Of course I do other things as well.  I keep a few items in a small sack, place my hand inside, and say,”I found something.” I wait for Robert to ask, “What is it?” I take the object out, show him and answer, “This is…”   I hide items in the house, knowing that Robert has to find them and put them in a right place.  He starts looking without asking , but then he gives up and comes to me, “Drawer.”  he says.  I model, “You want to know (softly) where is the drawer (loudly).”  Robert repeats, “Where is the drawer?” I tell him, “Under the bed.”

This exercise allows to practice not only questions but also preposition, another concept Robert has difficulties with. “Phone”, Says Robert.
“You want to know WHERE IS THE PHONE?” I ask.  “Where is the phone?” asks Robert. The answers might wary, “In the bottom drawer.” “Behind the bench.”” On the top shelf of a bookcase”.

But as of today, Robert has never asked “WH” questions spontaneously, without prompting or without  rearranging the environment.

That doesn’t mean that Robert doesn’t ask without prompting.  He asks.  He just doesn’t use “WH” words.

Not once when he puts away laundry, he brings to me a piece of clothing and asks, “Amanda?”  I answer, “No, it is mine.” Robert hangs the shirt in my closet.  Robert asks for information or confirmation using just one word.  Of course, the person being asked has to know the context of the question and has to know Robert.

Yet, nine years ago, Robert managed to ask perfect question without using even one word.  He was already 11 years old but that was his first spontaneous question.

My friend and I were sitting on the opposite sides of the kitchen table drinking tea and eating something. I don’t remember what that something was, except that the food was placed on a few small plates.  My friend drank tea with raspberry syrup.  I drank tea with lemon and sugar. Robert was watching the table and as soon as the dish was emptied, he picked it up and carried it to the kitchen sink.  Soon, all the plates were gone and only two glasses with tea and two teaspoons were left.  My friend kept her teaspoon in a glass.  My teaspoon was  on the table, next to the glass.  (Yes, I drink and serve tea in glasses, not cups.) Robert approached, looked at both glasses,  picked my teaspoon, and holding it just above the glass made a stirring motion in the air.  At the same time, he looked at me with two question marks in his eyes.

“Yes, I said, You can take it.”  And he did.

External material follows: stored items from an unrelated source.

(* \textsc{Maintain-Matching} takes $O(\varepsilon\Delta)$ time per update and maintains a maximal matching $\mathcal{M}_N$ of size at least $\frac{|\overline{E(C)}|}{20\varepsilon\Delta}$, with high probability, throughout a phase.
   Context: $G$ is a fully dynamic graph with maximum degree at most $\Delta$, $0<\varepsilon<1$. During a phase, a vertex set $C$ (an almost-clique) is fixed, and with high probability every vertex of $C$ has at most $5\varepsilon\Delta$ non-neighbors in $C$ throughout the phase. $\overline{E(C)}$ is the set of non-edges (pairs of distinct vertices of $C$ not joined by an edge) and $\overline{E_C(w)}$ the non-edges of $C$ incident to $w$. At the start of the phase, $\mathcal{M}_N$ is a maximal matching in the graph $(C,\overline{E(C)})$, and an array matched$[\cdot]$ records which vertices are matched. \textsc{Maintain-Matching}$(u,v)$ for an update with $u,v\in C$: if $(u,v)$ is an edge insertion (a non-edge deletion), remove $(u,v)$ from $\overline{E(C)},\overline{E_C(u)},\overline{E_C(v)}$; if $(u,v)\in\mathcal{M}_N$, remove it and unmark $u,v$; then for each $w\in\{u,v\}$ that is unmatched, scan $\overline{E_C(w)}$ and, if some non-edge $(w,x)$ has $x$ unmatched, add $(w,x)$ to $\mathcal{M}_N$ and mark $w,x$. If $(u,v)$ is an edge deletion (a non-edge insertion), add $(u,v)$ to $\overline{E(C)},\overline{E_C(u)},\overline{E_C(v)}$, and if both $u,v$ are unmatched add $(u,v)$ to $\mathcal{M}_N$ and mark them. "With high probability" means with probability at least $1-1/\mathrm{poly}(n)$. *)

theory Defs
  imports Complex_Main
begin

datatype 'a upd = Ins 'a 'a | Del 'a 'a

definition apply_upd :: "'a set set \<Rightarrow> 'a upd \<Rightarrow> 'a set set" where
  "apply_upd E up = (case up of Ins u v \<Rightarrow> insert {u,v} E | Del u v \<Rightarrow> E - {{u,v}})"

definition valid_upd :: "'a set \<Rightarrow> 'a set set \<Rightarrow> 'a upd \<Rightarrow> bool" where
  "valid_upd V E up = (case up of
      Ins u v \<Rightarrow> u \<in> V \<and> v \<in> V \<and> u \<noteq> v \<and> {u,v} \<notin> E
    | Del u v \<Rightarrow> {u,v} \<in> E)"

definition simple_graph :: "'a set \<Rightarrow> 'a set set \<Rightarrow> bool" where
  "simple_graph V E = (E \<subseteq> {{x,y} | x y. x \<in> V \<and> y \<in> V \<and> x \<noteq> y})"

definition degree :: "'a set set \<Rightarrow> 'a \<Rightarrow> nat" where
  "degree E w = card {x. {w,x} \<in> E}"

definition nonedges :: "'a set \<Rightarrow> 'a set set \<Rightarrow> 'a set set" where
  "nonedges C E = {{x,y} | x y. x \<in> C \<and> y \<in> C \<and> x \<noteq> y \<and> {x,y} \<notin> E}"

definition nonnbrs :: "'a set \<Rightarrow> 'a set set \<Rightarrow> 'a \<Rightarrow> 'a set" where
  "nonnbrs C E w = {x \<in> C. x \<noteq> w \<and> {w,x} \<notin> E}"

definition is_matching :: "'a set set \<Rightarrow> bool" where
  "is_matching M = ((\<forall>e\<in>M. \<exists>x y. e = {x,y} \<and> x \<noteq> y) \<and>
                    (\<forall>e\<in>M. \<forall>e'\<in>M. e \<noteq> e' \<longrightarrow> e \<inter> e' = {}))"

definition maximal_matching_in :: "'a set set \<Rightarrow> 'a set set \<Rightarrow> bool" where
  "maximal_matching_in F M = (M \<subseteq> F \<and> is_matching M \<and> (\<forall>e\<in>F. \<exists>e'\<in>M. e \<inter> e' \<noteq> {}))"

(* Data structure state:
   nonE  = \overline{E(C)},
   nadj w = \overline{E_C(w)} stored as a list of the other endpoints,
   mat   = M_N,
   mkd   = the array matched[.] *)
record 'a mstate =
  nonE :: "'a set set"
  nadj :: "'a \<Rightarrow> 'a list"
  mat  :: "'a set set"
  mkd  :: "'a \<Rightarrow> bool"

(* Linear scan for the first element satisfying p; the second component is the
   number of list elements inspected (unit cost each). *)
fun scan :: "('a \<Rightarrow> bool) \<Rightarrow> 'a list \<Rightarrow> 'a option \<times> nat" where
  "scan p [] = (None, 0)"
| "scan p (x # xs) = (if p x then (Some x, 1) else (case scan p xs of (r, c) \<Rightarrow> (r, Suc c)))"

definition try_match :: "'a mstate \<Rightarrow> 'a \<Rightarrow> 'a mstate \<times> nat" where
  "try_match s w =
     (if mkd s w then (s, 1)
      else (case scan (\<lambda>x. \<not> mkd s x) (nadj s w) of
              (None, c) \<Rightarrow> (s, c + 1)
            | (Some x, c) \<Rightarrow> (s\<lparr>mat := insert {w,x} (mat s), mkd := (mkd s)(w := True, x := True)\<rparr>, c + 1)))"

(* Returns the new state and the running time, where every
   O(1) set/array operation costs 1, each inspected list element costs 1, and removing
   an element from a list costs the length of the list.  Updates not inside C do not
   invoke the procedure (state unchanged, cost 0). *)
definition mm_update :: "'a set \<Rightarrow> 'a upd \<Rightarrow> 'a mstate \<Rightarrow> 'a mstate \<times> nat" where
  "mm_update C up s = (case up of
     Ins u v \<Rightarrow>
       (if u \<in> C \<and> v \<in> C \<and> u \<noteq> v then
          (let s1 = s\<lparr>nonE := nonE s - {{u,v}},
                      nadj := (nadj s)(u := removeAll v (nadj s u), v := removeAll u (nadj s v))\<rparr>;
               c1 = 1 + length (nadj s u) + length (nadj s v);
               s2 = (if {u,v} \<in> mat s1
                     then s1\<lparr>mat := mat s1 - {{u,v}}, mkd := (mkd s1)(u := False, v := False)\<rparr>
                     else s1);
               (s3, c3) = try_match s2 u;
               (s4, c4) = try_match s3 v
           in (s4, c1 + 1 + c3 + c4))
        else (s, 0))
   | Del u v \<Rightarrow>
       (if u \<in> C \<and> v \<in> C \<and> u \<noteq> v then
          (let s1 = s\<lparr>nonE := insert {u,v} (nonE s),
                      nadj := (nadj s)(u := v # nadj s u, v := u # nadj s v)\<rparr>
           in if \<not> mkd s u \<and> \<not> mkd s v
              then (s1\<lparr>mat := insert {u,v} (mat s1), mkd := (mkd s1)(u := True, v := True)\<rparr>, 1)
              else (s1, 1))
        else (s, 0)))"

definition graph_at :: "'a set set \<Rightarrow> 'a upd list \<Rightarrow> nat \<Rightarrow> 'a set set" where
  "graph_at E0 us i = foldl apply_upd E0 (take i us)"

definition state_at :: "'a set \<Rightarrow> 'a mstate \<Rightarrow> 'a upd list \<Rightarrow> nat \<Rightarrow> 'a mstate" where
  "state_at C s0 us i = foldl (\<lambda>s up. fst (mm_update C up s)) s0 (take i us)"

definition cost_at :: "'a set \<Rightarrow> 'a mstate \<Rightarrow> 'a upd list \<Rightarrow> nat \<Rightarrow> nat" where
  "cost_at C s0 us i = snd (mm_update C (us ! i) (state_at C s0 us i))"

end

(* Maintain-Matching preserves the invariant that the lists nadj are exactly the non-neighbourhoods
   in C, the marks are exactly the matched vertices, and M_N is a matching of non-edges meeting
   every non-edge.  A new non-edge (an edge deletion) is matched if both ends are free and otherwise
   already meets M_N.  When a non-edge (u,v) disappears, only non-edges at u or v can lose their
   cover, namely if (u,v) was a matching edge; rescanning u and then v repairs exactly these.
   An update makes a constant number of passes over the lists of u and v, which have at most
   5\<epsilon>\<Delta> entries.  Finally the at most 2 |M_N| matched vertices cover all non-edges and each
   lies on at most 5\<epsilon>\<Delta> of them, so there are at most 10\<epsilon>\<Delta> |M_N| non-edges. *)

theory Submission
  imports Defs
begin

lemma is_matching_insert:
  assumes "is_matching M" "x \<notin> \<Union>M" "y \<notin> \<Union>M" "x \<noteq> y"
  shows "is_matching (insert {x,y} M)"
proof -
  have "e \<inter> {x,y} = {}" if "e \<in> M" for e
    using assms(2,3) that by blast
  then show ?thesis
    using assms(1,4) unfolding is_matching_def by (metis Int_commute insert_iff)
qed

lemma is_matching_subset: "is_matching M \<Longrightarrow> M' \<subseteq> M \<Longrightarrow> is_matching M'"
  unfolding is_matching_def by (meson subsetD)

lemma Union_diff_matching_edge:
  assumes "is_matching M" "e \<in> M"
  shows "\<Union>(M - {e}) = \<Union>M - e"
proof -
  have "e' \<inter> e = {}" if "e' \<in> M - {e}" for e'
    using assms that unfolding is_matching_def by blast
  then show ?thesis
    using assms(2) by blast
qed

lemma card_Union_matching_le:
  assumes "is_matching M"
  shows "card (\<Union>M) \<le> 2 * card M"
proof -
  have "\<forall>e\<in>M. card e = 2"
    using assms unfolding is_matching_def by auto
  then have "sum card M = 2 * card M"
    by simp
  then show ?thesis
    using card_Union_le_sum_card[of M] by simp
qed

lemma in_nonnbrs_iff: "w \<in> C \<Longrightarrow> x \<in> nonnbrs C E w \<longleftrightarrow> {w,x} \<in> nonedges C E"
  unfolding nonnbrs_def nonedges_def by (auto simp: doubleton_eq_iff insert_commute)

lemma nonedges_at_vertexE:
  assumes "e \<in> nonedges C E" "w \<in> e"
  obtains x where "e = {w,x}"
proof -
  obtain a b where "e = {a,b}"
    using assms(1) unfolding nonedges_def by blast
  then have "e = {w, if w = a then b else a}"
    using assms(2) by auto
  then show thesis
    by (rule that)
qed

lemma nonedges_subset_Pow: "nonedges C E \<subseteq> Pow C"
  unfolding nonedges_def by auto

lemma nonedges_insert:
  "u \<in> C \<Longrightarrow> v \<in> C \<Longrightarrow> u \<noteq> v \<Longrightarrow> nonedges C (insert {u,v} E) = nonedges C E - {{u,v}}"
  unfolding nonedges_def by auto

lemma nonedges_remove:
  "u \<in> C \<Longrightarrow> v \<in> C \<Longrightarrow> u \<noteq> v \<Longrightarrow> nonedges C (E - {{u,v}}) = insert {u,v} (nonedges C E)"
  unfolding nonedges_def by auto

lemma nonnbrs_insert:
  "u \<noteq> v \<Longrightarrow> nonnbrs C (insert {u,v} E) w =
     (if w = u then nonnbrs C E w - {v} else if w = v then nonnbrs C E w - {u} else nonnbrs C E w)"
  unfolding nonnbrs_def by (auto simp: doubleton_eq_iff)

lemma nonnbrs_remove:
  "u \<in> C \<Longrightarrow> v \<in> C \<Longrightarrow> u \<noteq> v \<Longrightarrow> nonnbrs C (E - {{u,v}}) w =
     (if w = u then insert v (nonnbrs C E w) else if w = v then insert u (nonnbrs C E w) else nonnbrs C E w)"
  unfolding nonnbrs_def by (auto simp: doubleton_eq_iff)

lemma nonedges_cong:
  assumes "\<And>x y. x \<in> C \<Longrightarrow> y \<in> C \<Longrightarrow> x \<noteq> y \<Longrightarrow> {x,y} \<in> E \<longleftrightarrow> {x,y} \<in> E'"
  shows "nonedges C E = nonedges C E'"
  unfolding nonedges_def using assms by (intro Collect_cong) (metis (no_types, lifting))

lemma nonnbrs_cong:
  assumes "\<And>x y. x \<in> C \<Longrightarrow> y \<in> C \<Longrightarrow> x \<noteq> y \<Longrightarrow> {x,y} \<in> E \<longleftrightarrow> {x,y} \<in> E'" "w \<in> C"
  shows "nonnbrs C E w = nonnbrs C E' w"
  unfolding nonnbrs_def using assms by auto

lemma card_nonedges_le_sum_nonnbrs:
  assumes "finite C" "U \<subseteq> C" and cover: "\<forall>e\<in>nonedges C E. e \<inter> U \<noteq> {}"
  shows "card (nonedges C E) \<le> (\<Sum>z\<in>U. card (nonnbrs C E z))"
proof -
  have finU: "finite U" and fin_nonnbrs: "\<And>z. finite (nonnbrs C E z)"
    using assms(1,2) finite_subset unfolding nonnbrs_def by auto
  have "nonedges C E \<subseteq> (\<Union>z\<in>U. (\<lambda>x. {z,x}) ` nonnbrs C E z)"
  proof
    fix e assume e: "e \<in> nonedges C E"
    then have "e \<inter> U \<noteq> {}"
      using cover by blast
    from e obtain x y where xy: "e = {x,y}" "x \<in> C" "y \<in> C"
      unfolding nonedges_def by blast
    have "e = {y,x}"
      using xy(1) by (simp add: insert_commute)
    have nb: "y \<in> nonnbrs C E x" "x \<in> nonnbrs C E y"
      using e xy(1) \<open>e = {y,x}\<close> in_nonnbrs_iff[OF xy(2)] in_nonnbrs_iff[OF xy(3)] by simp_all
    from \<open>e \<inter> U \<noteq> {}\<close> have "x \<in> U \<or> y \<in> U"
      using xy(1) by blast
    then show "e \<in> (\<Union>z\<in>U. (\<lambda>x. {z,x}) ` nonnbrs C E z)"
      using nb xy(1) \<open>e = {y,x}\<close> by blast
  qed
  then have "card (nonedges C E) \<le> card (\<Union>z\<in>U. (\<lambda>x. {z,x}) ` nonnbrs C E z)"
    by (intro card_mono) (simp_all add: finU fin_nonnbrs)
  also have "\<dots> \<le> (\<Sum>z\<in>U. card ((\<lambda>x. {z,x}) ` nonnbrs C E z))"
    by (rule card_UN_le[OF finU])
  also have "\<dots> \<le> (\<Sum>z\<in>U. card (nonnbrs C E z))"
    by (intro sum_mono card_image_le fin_nonnbrs)
  finally show ?thesis .
qed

He took the teaspoon.

I still marvel, how considerate and tactful he was.  Without one word he managed to ask, “Do you still need this teaspoon to steer the sugar in your tea and if not,  could I take it?”

I sometimes claimed that Robert was born without language and that his teachers and I were implanting singular language concepts in him.

That day, nine years ago, I realized I  was wrong.